UN scrambles for nearly $13 billion in global emergency aid driven up by Syria war

GENEVA (AP) -- Nearly $13 billion in humanitarian aid will be needed this year — a third of it just for Syria — to help 73 million people suffering around the world, the U.N.'s top humanitarian official said Wednesday.

But that's just an estimate, midway through 2013, of what will be needed in what is turning out to be an "unprecedented" challenge, said Valerie Amos, the U.N. undersecretary-general for humanitarian affairs and emergency relief.

The likelihood is that as much as a third of what's needed won't be raised, according to the U.N.'s own figures. Over the past five years, the United Nations has only been able to scrounge up between 63 percent and 72 percent of what it says is required to feed, house and provide other help to the millions of people trying to survive often desperate conditions.

"Halfway through the year, we know that 73 million people need humanitarian assistance," Amos told reporters in Geneva. "The increase is largely due to the exploding crisis in Syria, and the neighboring region, but also because situations have worsened in other countries like the Central African Republic and Mali."
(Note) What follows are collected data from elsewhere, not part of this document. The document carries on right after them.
lemma pair_act_of_pencil:
  assumes "p * s - q * r \<noteq> 0"
    and "\<forall>i\<in>{1,2,3}. \<forall>j\<in>{1,2,3}. symc (tqf_subst d a) i j = p * symc a' i j + q * symc b' i j"
    and "\<forall>i\<in>{1,2,3}. \<forall>j\<in>{1,2,3}. symc (tqf_subst d b) i j = r * symc a' i j + s * symc b' i j"
  shows "pair_act (mat 3 3 (\<lambda>(i,j). d (j+1) (i+1))) (inv_rat (mat2 p q r s)) a b = (tqf_eval a', tqf_eval b')"
  by (rule pair_act_inv_mat2[OF assms(1)];
      unfold tqf_eval_subst; rule tqf_eval_pencil[OF assms(2)] tqf_eval_pencil[OF assms(3)])

theorem proposition5p6:
  fixes a b a' b' :: tqf and M :: "int mat"
  assumes "primitive_pair a b" and "nondegenerate_pair a b"
    and "primitive_pair a' b'" and "nondegenerate_pair a' b'"
    and "quartic_subring_embedding a' b' a b M"
  shows "\<exists>d1 d2 :: int mat. d1 \<in> carrier_mat 3 3 \<and> d2 \<in> carrier_mat 2 2 \<and>
           (tqf_eval a', tqf_eval b') = pair_act d1 (inv_rat d2) a b \<and>
           \<bar>det d1\<bar> = \<bar>det M\<bar> \<and> \<bar>det d2\<bar> = \<bar>det M\<bar>"
proof -
  \<comment> \<open>Only the primitivity of \<open>(a', b')\<close> is needed.\<close>
  define D where "D = (\<lambda>k l. M $$ (k,l))"
  define d1 where "d1 = mat 3 3 (\<lambda>(i,j). D (j+1) (i+1))"
  have det_M: "det M = det3 D"
    unfolding D_def using embedding_det[OF assms(5)] .
  then have "det3 D \<noteq> 0"
    using assms(5) by (simp add: quartic_subring_embedding_def)
  then obtain p q r s where
      X: "\<forall>i\<in>{1,2,3}. \<forall>j\<in>{1,2,3}. symc (tqf_subst D a) i j = p * symc a' i j + q * symc b' i j"
    and Y: "\<forall>i\<in>{1,2,3}. \<forall>j\<in>{1,2,3}. symc (tqf_subst D b) i j = r * symc a' i j + s * symc b' i j"
    and n: "p * s - q * r = det3 D"
    using scaled_lam_imp_pencil[OF _ assms(3) embedding_scales_lam[OF assms(5)]]
    unfolding D_def by blast
  have act: "pair_act d1 (inv_rat (mat2 p q r s)) a b = (tqf_eval a', tqf_eval b')"
    unfolding d1_def using n \<open>det3 D \<noteq> 0\<close> by (intro pair_act_of_pencil X Y) simp
  have "det d1 = det M"
    unfolding det_M d1_def det3_transpose[of D, symmetric] by (rule det_mat_3_array) simp_all
  moreover have "det (mat2 p q r s) = det M"
    unfolding det_mat2 n det_M ..
  moreover have "d1 \<in> carrier_mat 3 3" "mat2 p q r s \<in> carrier_mat 2 2"
    by (simp_all add: d1_def mat2_def)
  ultimately show ?thesis
    using act by (intro exI[of _ d1] exI[of _ "mat2 p q r s"]) simp
qed

end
Amos, a British baroness who heads the U.N. Office for the Coordination of Humanitarian Affairs, said Syria alone requires at least $4.4 billion in aid for the 6.8 million people who are suffering inside the war-torn country and the 5.3 million refugees or others who are affected by the conflict in border nations.

So far, a little more than $5 billion, or about 40 percent of what is needed around the world, has been raised for humanitarian aid by mid-year, said Amos, who conceded that she had "no idea" how to get the rest. The money is meant to pay for the work of 620 U.N. and affiliated aid agencies.

"In a normal year, that would be a huge statement to the commitment to humanitarian action," she said of the $5.1 billion raised so far that has gone to people in 24 countries, including Syria, Niger, Sudan and Afghanistan. "But this is an extraordinary year."